On the other hand. For Channel, a syscall would be needed for each message enqueued and dequeued. The implementation would be to have a pipe associated with the Chanenl. Each time a message is enqueued, write a byte to the pipe. Whenever a message is dequeued, read a byte.

carllerche commented 8 years ago

cc @reem @dwrensha @dpc @rrichardson @Hoverbear @tailhook @zonyitoo @jamwt @polyfractal @geofft @wycats @thijsc @vhbit @fhartwig @alexcrichton @aturon

aturon commented 8 years ago

Thanks for putting this together, @carllerche!

alexcrichton commented 8 years ago

I'm pretty excited about this, definitely thanks for putting it together @carllerche! Allowing essentially arbitrary types implement Evented sounds like it would indeed very nicely bridge the current Windows implementation and the channel/timer implementation today.

Some thoughts of mine:

Overall this all looks really great to me, though, I'm quite excited to see how it pans out!

zonyitoo commented 8 years ago

Oh yeah, that are great changes. And I agree with one of the points by @alexcrichton , which is to use &self instead of &mut self to make modifying Pool thread-safe.

dpc commented 8 years ago

Some APIs explained here seem internal to mio, so excuse if I missed or misunderstood anything.

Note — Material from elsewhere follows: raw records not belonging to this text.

lemma invariant_init: "uinit s0 c \<Longrightarrow> invariant c"
  by (simp add: uinit_def invariant_def A_stamp_issued_def S_stamp_issued_def ticket_issued_def
      read_A_stamp_issued_def read_S_stamp_issued_def A_slot_not_resetting_def S_slot_not_resetting_def
      read_A_slot_not_resetting_def read_S_slot_not_resetting_def S_response_non_null_def
      read_S_response_non_null_def read_S_slot_answered_def check_passed_def)

lemma A_stamp_issued_step:
  "ustep \<delta> p c c' \<Longrightarrow> A_stamp_issued c \<Longrightarrow> ticket_issued c \<Longrightarrow> A_stamp_issued c'"
  by (cases "pc (lc c p)")
    (auto simp: ustep_simps A_stamp_issued_def ticket_issued_def split: if_splits prod.splits)

lemma S_stamp_issued_step:
  "ustep \<delta> p c c' \<Longrightarrow> S_stamp_issued c \<Longrightarrow> read_A_stamp_issued c \<Longrightarrow> S_stamp_issued c'"
  by (cases "pc (lc c p)")
    (auto simp: ustep_simps S_stamp_issued_def read_A_stamp_issued_def split: if_splits prod.splits)

lemma ticket_issued_step: "ustep \<delta> p c c' \<Longrightarrow> ticket_issued c \<Longrightarrow> ticket_issued c'"
  by (cases "pc (lc c p)")
    (auto simp: ustep_simps ticket_issued_def split: if_splits prod.splits ptr.splits)

lemma read_A_stamp_issued_step:
  "ustep \<delta> p c c' \<Longrightarrow> read_A_stamp_issued c \<Longrightarrow> A_stamp_issued c \<Longrightarrow> read_A_stamp_issued c'"
  by (cases "pc (lc c p)")
    (auto simp: ustep_simps read_A_stamp_issued_def A_stamp_issued_def split: if_splits prod.splits ptr.splits)

lemma read_S_stamp_issued_step:
  "ustep \<delta> p c c' \<Longrightarrow> read_S_stamp_issued c \<Longrightarrow> S_stamp_issued c \<Longrightarrow> read_S_stamp_issued c'"
  by (cases "pc (lc c p)")
    (auto simp: ustep_simps read_S_stamp_issued_def S_stamp_issued_def split: if_splits prod.splits ptr.splits)

lemma A_slot_not_resetting_step:
  "ustep \<delta> p c c' \<Longrightarrow> A_slot_not_resetting c \<Longrightarrow> A_stamp_issued c \<Longrightarrow> A_slot_not_resetting c'"
  by (cases "pc (lc c p)")
    (auto simp: ustep_simps A_slot_not_resetting_def A_stamp_issued_def split: if_splits prod.splits ptr.splits)

lemma S_slot_not_resetting_step:
  "ustep \<delta> p c c' \<Longrightarrow> S_slot_not_resetting c \<Longrightarrow> S_stamp_issued c \<Longrightarrow> read_A_slot_not_resetting c
   \<Longrightarrow> S_slot_not_resetting c'"
  by (cases "pc (lc c p)")
    (auto simp: ustep_simps S_slot_not_resetting_def S_stamp_issued_def read_A_slot_not_resetting_def
      split: if_splits prod.splits ptr.splits)

lemma read_A_slot_not_resetting_step:
  "ustep \<delta> p c c' \<Longrightarrow> read_A_slot_not_resetting c \<Longrightarrow> read_A_stamp_issued c \<Longrightarrow> A_slot_not_resetting c
   \<Longrightarrow> read_A_slot_not_resetting c'"
  by (cases "pc (lc c p)")
    (auto simp: ustep_simps read_A_slot_not_resetting_def read_A_stamp_issued_def A_slot_not_resetting_def
      split: if_splits prod.splits ptr.splits)

lemma read_S_slot_not_resetting_step:
  "ustep \<delta> p c c' \<Longrightarrow> read_S_slot_not_resetting c \<Longrightarrow> read_S_stamp_issued c \<Longrightarrow> S_slot_not_resetting c
   \<Longrightarrow> read_S_slot_not_resetting c'"
  by (cases "pc (lc c p)")
    (auto simp: ustep_simps read_S_slot_not_resetting_def read_S_stamp_issued_def S_slot_not_resetting_def
      split: if_splits prod.splits ptr.splits)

Mioco already has mioco::Evented, allows custom types to implement it and Timer, Channel are already unified structs implemented on top of Handler::notify & Handler::timeout. mio having them in the first place would simplify mioco and make it more aligned API-wise.

mio::Handler abstraction could be completely removed, and users could call their own tick after poll.

I think Chanels should not implement actual queues. They should only carry an atomic notification, while the queue itself is up to the user. That would allow making different versions of them: fixed circular buffer, growable vec, mpsc/mpmc, etc. Of course mio could provide some standard implementations. That would fix #322.

So :+1: from me.

carllerche commented 8 years ago

Replying to @alexcrichton

How much of the lock-free manipulation is necessary?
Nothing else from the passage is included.